§ Exercise directions
Below is some data; print it all back exactly.
----------------
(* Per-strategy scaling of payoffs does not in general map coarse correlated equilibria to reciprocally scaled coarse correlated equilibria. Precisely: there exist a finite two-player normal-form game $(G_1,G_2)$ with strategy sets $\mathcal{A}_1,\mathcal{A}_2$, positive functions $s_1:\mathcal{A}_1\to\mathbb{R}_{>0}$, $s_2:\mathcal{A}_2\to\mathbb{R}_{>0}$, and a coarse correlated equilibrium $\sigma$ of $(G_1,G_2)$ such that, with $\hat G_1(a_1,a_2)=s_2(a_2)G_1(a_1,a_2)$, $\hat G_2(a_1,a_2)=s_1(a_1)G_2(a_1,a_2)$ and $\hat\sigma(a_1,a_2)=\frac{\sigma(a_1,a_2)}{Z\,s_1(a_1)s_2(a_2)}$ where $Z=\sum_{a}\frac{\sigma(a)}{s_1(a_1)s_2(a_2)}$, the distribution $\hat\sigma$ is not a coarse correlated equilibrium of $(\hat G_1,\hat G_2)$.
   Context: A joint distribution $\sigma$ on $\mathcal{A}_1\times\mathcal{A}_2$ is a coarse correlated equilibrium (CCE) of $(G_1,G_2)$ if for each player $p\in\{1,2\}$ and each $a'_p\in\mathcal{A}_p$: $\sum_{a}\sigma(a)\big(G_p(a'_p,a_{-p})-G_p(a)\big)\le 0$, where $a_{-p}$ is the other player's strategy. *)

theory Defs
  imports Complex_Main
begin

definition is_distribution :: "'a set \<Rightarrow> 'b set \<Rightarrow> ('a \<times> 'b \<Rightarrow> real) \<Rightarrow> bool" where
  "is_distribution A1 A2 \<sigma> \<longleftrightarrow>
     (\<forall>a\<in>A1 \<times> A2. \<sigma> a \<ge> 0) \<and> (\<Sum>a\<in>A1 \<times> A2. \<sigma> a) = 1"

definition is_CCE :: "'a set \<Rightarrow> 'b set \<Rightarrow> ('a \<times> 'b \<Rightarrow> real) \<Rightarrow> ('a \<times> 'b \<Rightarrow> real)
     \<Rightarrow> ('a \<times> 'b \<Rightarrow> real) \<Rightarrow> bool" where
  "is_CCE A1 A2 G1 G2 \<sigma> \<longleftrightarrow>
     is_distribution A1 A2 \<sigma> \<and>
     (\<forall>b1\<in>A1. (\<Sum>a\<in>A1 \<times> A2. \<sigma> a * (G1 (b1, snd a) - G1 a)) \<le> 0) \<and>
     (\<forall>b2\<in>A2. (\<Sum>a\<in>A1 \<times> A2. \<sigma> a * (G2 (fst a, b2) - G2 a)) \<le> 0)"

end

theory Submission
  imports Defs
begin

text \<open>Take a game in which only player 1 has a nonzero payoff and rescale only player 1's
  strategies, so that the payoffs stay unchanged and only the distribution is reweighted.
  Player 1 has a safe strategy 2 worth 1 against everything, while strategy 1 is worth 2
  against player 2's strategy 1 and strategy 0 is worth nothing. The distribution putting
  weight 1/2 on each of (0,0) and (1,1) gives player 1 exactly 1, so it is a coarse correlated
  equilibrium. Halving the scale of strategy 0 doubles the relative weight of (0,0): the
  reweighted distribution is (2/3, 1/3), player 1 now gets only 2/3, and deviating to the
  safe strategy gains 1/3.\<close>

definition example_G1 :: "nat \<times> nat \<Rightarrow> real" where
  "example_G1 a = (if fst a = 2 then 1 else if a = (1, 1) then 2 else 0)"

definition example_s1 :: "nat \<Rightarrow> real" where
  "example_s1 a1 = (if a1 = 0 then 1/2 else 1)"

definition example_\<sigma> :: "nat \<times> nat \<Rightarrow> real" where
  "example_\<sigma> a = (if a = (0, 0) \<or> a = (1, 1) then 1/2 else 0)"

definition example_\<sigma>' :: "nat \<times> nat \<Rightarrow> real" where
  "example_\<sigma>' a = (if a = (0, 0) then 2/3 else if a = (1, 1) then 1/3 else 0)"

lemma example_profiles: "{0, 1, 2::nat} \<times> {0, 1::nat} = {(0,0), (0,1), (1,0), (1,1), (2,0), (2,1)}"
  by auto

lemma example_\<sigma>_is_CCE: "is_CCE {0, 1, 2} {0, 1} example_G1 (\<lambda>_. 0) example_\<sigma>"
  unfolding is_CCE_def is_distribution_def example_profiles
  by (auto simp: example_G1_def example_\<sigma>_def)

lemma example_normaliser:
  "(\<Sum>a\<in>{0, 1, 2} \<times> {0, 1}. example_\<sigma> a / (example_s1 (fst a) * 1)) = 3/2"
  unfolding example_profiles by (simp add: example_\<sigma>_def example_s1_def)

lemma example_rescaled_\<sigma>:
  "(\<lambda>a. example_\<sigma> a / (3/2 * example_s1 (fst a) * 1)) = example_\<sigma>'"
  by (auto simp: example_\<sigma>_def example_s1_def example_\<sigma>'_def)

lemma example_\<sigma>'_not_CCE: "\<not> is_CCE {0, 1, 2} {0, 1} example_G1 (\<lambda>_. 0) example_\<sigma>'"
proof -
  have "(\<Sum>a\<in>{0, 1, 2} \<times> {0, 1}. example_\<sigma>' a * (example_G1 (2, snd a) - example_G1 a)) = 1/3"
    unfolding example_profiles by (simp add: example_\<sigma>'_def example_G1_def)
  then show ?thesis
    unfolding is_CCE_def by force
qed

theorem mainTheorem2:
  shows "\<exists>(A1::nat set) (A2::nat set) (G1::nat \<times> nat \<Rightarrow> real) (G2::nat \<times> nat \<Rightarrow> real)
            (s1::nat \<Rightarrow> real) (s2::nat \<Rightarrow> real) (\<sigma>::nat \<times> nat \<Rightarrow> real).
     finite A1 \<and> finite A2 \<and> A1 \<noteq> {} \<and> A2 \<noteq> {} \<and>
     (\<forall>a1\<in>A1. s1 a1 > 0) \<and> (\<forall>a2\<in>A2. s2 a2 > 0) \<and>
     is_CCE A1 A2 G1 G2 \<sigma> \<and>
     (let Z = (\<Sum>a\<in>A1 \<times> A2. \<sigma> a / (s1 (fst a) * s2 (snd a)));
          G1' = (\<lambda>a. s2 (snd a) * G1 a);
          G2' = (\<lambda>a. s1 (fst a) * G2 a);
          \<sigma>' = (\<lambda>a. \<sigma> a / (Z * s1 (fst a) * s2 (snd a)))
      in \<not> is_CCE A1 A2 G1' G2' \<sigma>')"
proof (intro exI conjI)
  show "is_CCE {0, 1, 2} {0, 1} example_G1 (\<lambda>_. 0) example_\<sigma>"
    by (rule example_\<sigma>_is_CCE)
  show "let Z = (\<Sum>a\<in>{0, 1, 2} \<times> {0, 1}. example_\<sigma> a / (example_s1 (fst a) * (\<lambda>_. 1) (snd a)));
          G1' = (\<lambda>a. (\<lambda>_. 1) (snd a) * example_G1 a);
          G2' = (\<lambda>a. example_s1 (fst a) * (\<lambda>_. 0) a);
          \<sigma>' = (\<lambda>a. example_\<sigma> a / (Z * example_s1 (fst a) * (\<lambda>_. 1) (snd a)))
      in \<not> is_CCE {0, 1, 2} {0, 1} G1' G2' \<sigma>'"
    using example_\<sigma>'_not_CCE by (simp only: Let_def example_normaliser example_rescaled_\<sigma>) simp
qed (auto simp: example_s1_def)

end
----------------
§ Task output
(* Per-strategy scaling of payoffs does not in general map coarse correlated equilibria to reciprocally scaled coarse correlated equilibria. Precisely: there exist a finite two-player normal-form game $(G_1,G_2)$ with strategy sets $\mathcal{A}_1,\mathcal{A}_2$, positive functions $s_1:\mathcal{A}_1\to\mathbb{R}_{>0}$, $s_2:\mathcal{A}_2\to\mathbb{R}_{>0}$, and a coarse correlated equilibrium $\sigma$ of $(G_1,G_2)$ such that, with $\hat G_1(a_1,a_2)=s_2(a_2)G_1(a_1,a_2)$, $\hat G_2(a_1,a_2)=s_1(a_1)G_2(a_1,a_2)$ and $\hat\sigma(a_1,a_2)=\frac{\sigma(a_1,a_2)}{Z\,s_1(a_1)s_2(a_2)}$ where $Z=\sum_{a}\frac{\sigma(a)}{s_1(a_1)s_2(a_2)}$, the distribution $\hat\sigma$ is not a coarse correlated equilibrium of $(\hat G_1,\hat G_2)$.
   Context: A joint distribution $\sigma$ on $\mathcal{A}_1\times\mathcal{A}_2$ is a coarse correlated equilibrium (CCE) of $(G_1,G_2)$ if for each player $p\in\{1,2\}$ and each $a'_p\in\mathcal{A}_p$: $\sum_{a}\sigma(a)\big(G_p(a'_p,a_{-p})-G_p(a)\big)\le 0$, where $a_{-p}$ is the other player's strategy. *)

theory Defs
  imports Complex_Main
begin

definition is_distribution :: "'a set \<Rightarrow> 'b set \<Rightarrow> ('a \<times> 'b \<Rightarrow> real) \<Rightarrow> bool" where
  "is_distribution A1 A2 \<sigma> \<longleftrightarrow>
     (\<forall>a\<in>A1 \<times> A2. \<sigma> a \<ge> 0) \<and> (\<Sum>a\<in>A1 \<times> A2. \<sigma> a) = 1"

definition is_CCE :: "'a set \<Rightarrow> 'b set \<Rightarrow> ('a \<times> 'b \<Rightarrow> real) \<Rightarrow> ('a \<times> 'b \<Rightarrow> real)
     \<Rightarrow> ('a \<times> 'b \<Rightarrow> real) \<Rightarrow> bool" where
  "is_CCE A1 A2 G1 G2 \<sigma> \<longleftrightarrow>
     is_distribution A1 A2 \<sigma> \<and>
     (\<forall>b1\<in>A1. (\<Sum>a\<in>A1 \<times> A2. \<sigma> a * (G1 (b1, snd a) - G1 a)) \<le> 0) \<and>
     (\<forall>b2\<in>A2. (\<Sum>a\<in>A1 \<times> A2. \<sigma> a * (G2 (fst a, b2) - G2 a)) \<le> 0)"

end

theory Submission
  imports Defs
begin

text \<open>Take a game in which only player 1 has a nonzero payoff and rescale only player 1's
  strategies, so that the payoffs stay unchanged and only the distribution is reweighted.
  Player 1 has a safe strategy 2 worth 1 against everything, while strategy 1 is worth 2
  against player 2's strategy 1 and strategy 0 is worth nothing. The distribution putting
  weight 1/2 on each of (0,0) and (1,1) gives player 1 exactly 1, so it is a coarse correlated
  equilibrium. Halving the scale of strategy 0 doubles the relative weight of (0,0): the
  reweighted distribution is (2/3, 1/3), player 1 now gets only 2/3, and deviating to the
  safe strategy gains 1/3.\<close>

definition example_G1 :: "nat \<times> nat \<Rightarrow> real" where
  "example_G1 a = (if fst a = 2 then 1 else if a = (1, 1) then 2 else 0)"

definition example_s1 :: "nat \<Rightarrow> real" where
  "example_s1 a1 = (if a1 = 0 then 1/2 else 1)"

definition example_\<sigma> :: "nat \<times> nat \<Rightarrow> real" where
  "example_\<sigma> a = (if a = (0, 0) \<or> a = (1, 1) then 1/2 else 0)"

definition example_\<sigma>' :: "nat \<times> nat \<Rightarrow> real" where
  "example_\<sigma>' a = (if a = (0, 0) then 2/3 else if a = (1, 1) then 1/3 else 0)"

lemma example_profiles: "{0, 1, 2::nat} \<times> {0, 1::nat} = {(0,0), (0,1), (1,0), (1,1), (2,0), (2,1)}"
  by auto

lemma example_\<sigma>_is_CCE: "is_CCE {0, 1, 2} {0, 1} example_G1 (\<lambda>_. 0) example_\<sigma>"
  unfolding is_CCE_def is_distribution_def example_profiles
  by (auto simp: example_G1_def example_\<sigma>_def)

lemma example_normaliser:
  "(\<Sum>a\<in>{0, 1, 2} \<times> {0, 1}. example_\<sigma> a / (example_s1 (fst a) * 1)) = 3/2"
  unfolding example_profiles by (simp add: example_\<sigma>_def example_s1_def)

lemma example_rescaled_\<sigma>:
  "(\<lambda>a. example_\<sigma> a / (3/2 * example_s1 (fst a) * 1)) = example_\<sigma>'"
  by (auto simp: example_\<sigma>_def example_s1_def example_\<sigma>'_def)

lemma example_\<sigma>'_not_CCE: "\<not> is_CCE {0, 1, 2} {0, 1} example_G1 (\<lambda>_. 0) example_\<sigma>'"
proof -
  have "(\<Sum>a\<in>{0, 1, 2} \<times> {0, 1}. example_\<sigma>' a * (example_G1 (2, snd a) - example_G1 a)) = 1/3"
    unfolding example_profiles by (simp add: example_\<sigma>'_def example_G1_def)
  then show ?thesis
    unfolding is_CCE_def by force
qed

theorem mainTheorem2:
  shows "\<exists>(A1::nat set) (A2::nat set) (G1::nat \<times> nat \<Rightarrow> real) (G2::nat \<times> nat \<Rightarrow> real)
            (s1::nat \<Rightarrow> real) (s2::nat \<Rightarrow> real) (\<sigma>::nat \<times> nat \<Rightarrow> real).
     finite A1 \<and> finite A2 \<and> A1 \<noteq> {} \<and> A2 \<noteq> {} \<and>
     (\<forall>a1\<in>A1. s1 a1 > 0) \<and> (\<forall>a2\<in>A2. s2 a2 > 0) \<and>
     is_CCE A1 A2 G1 G2 \<sigma> \<and>
     (let Z = (\<Sum>a\<in>A1 \<times> A2. \<sigma> a / (s1 (fst a) * s2 (snd a)));
          G1' = (\<lambda>a. s2 (snd a) * G1 a);
          G2' = (\<lambda>a. s1 (fst a) * G2 a);
          \<sigma>' = (\<lambda>a. \<sigma> a / (Z * s1 (fst a) * s2 (snd a)))
      in \<not> is_CCE A1 A2 G1' G2' \<sigma>')"
proof (intro exI conjI)
  show "is_CCE {0, 1, 2} {0, 1} example_G1 (\<lambda>_. 0) example_\<sigma>"
    by (rule example_\<sigma>_is_CCE)
  show "let Z = (\<Sum>a\<in>{0, 1, 2} \<times> {0, 1}. example_\<sigma> a / (example_s1 (fst a) * (\<lambda>_. 1) (snd a)));
          G1' = (\<lambda>a. (\<lambda>_. 1) (snd a) * example_G1 a);
          G2' = (\<lambda>a. example_s1 (fst a) * (\<lambda>_. 0) a);
          \<sigma>' = (\<lambda>a. example_\<sigma> a / (Z * example_s1 (fst a) * (\<lambda>_. 1) (snd a)))
      in \<not> is_CCE {0, 1, 2} {0, 1} G1' G2' \<sigma>'"
    using example_\<sigma>'_not_CCE by (simp only: Let_def example_normaliser example_rescaled_\<sigma>) simp
qed (auto simp: example_s1_def)

end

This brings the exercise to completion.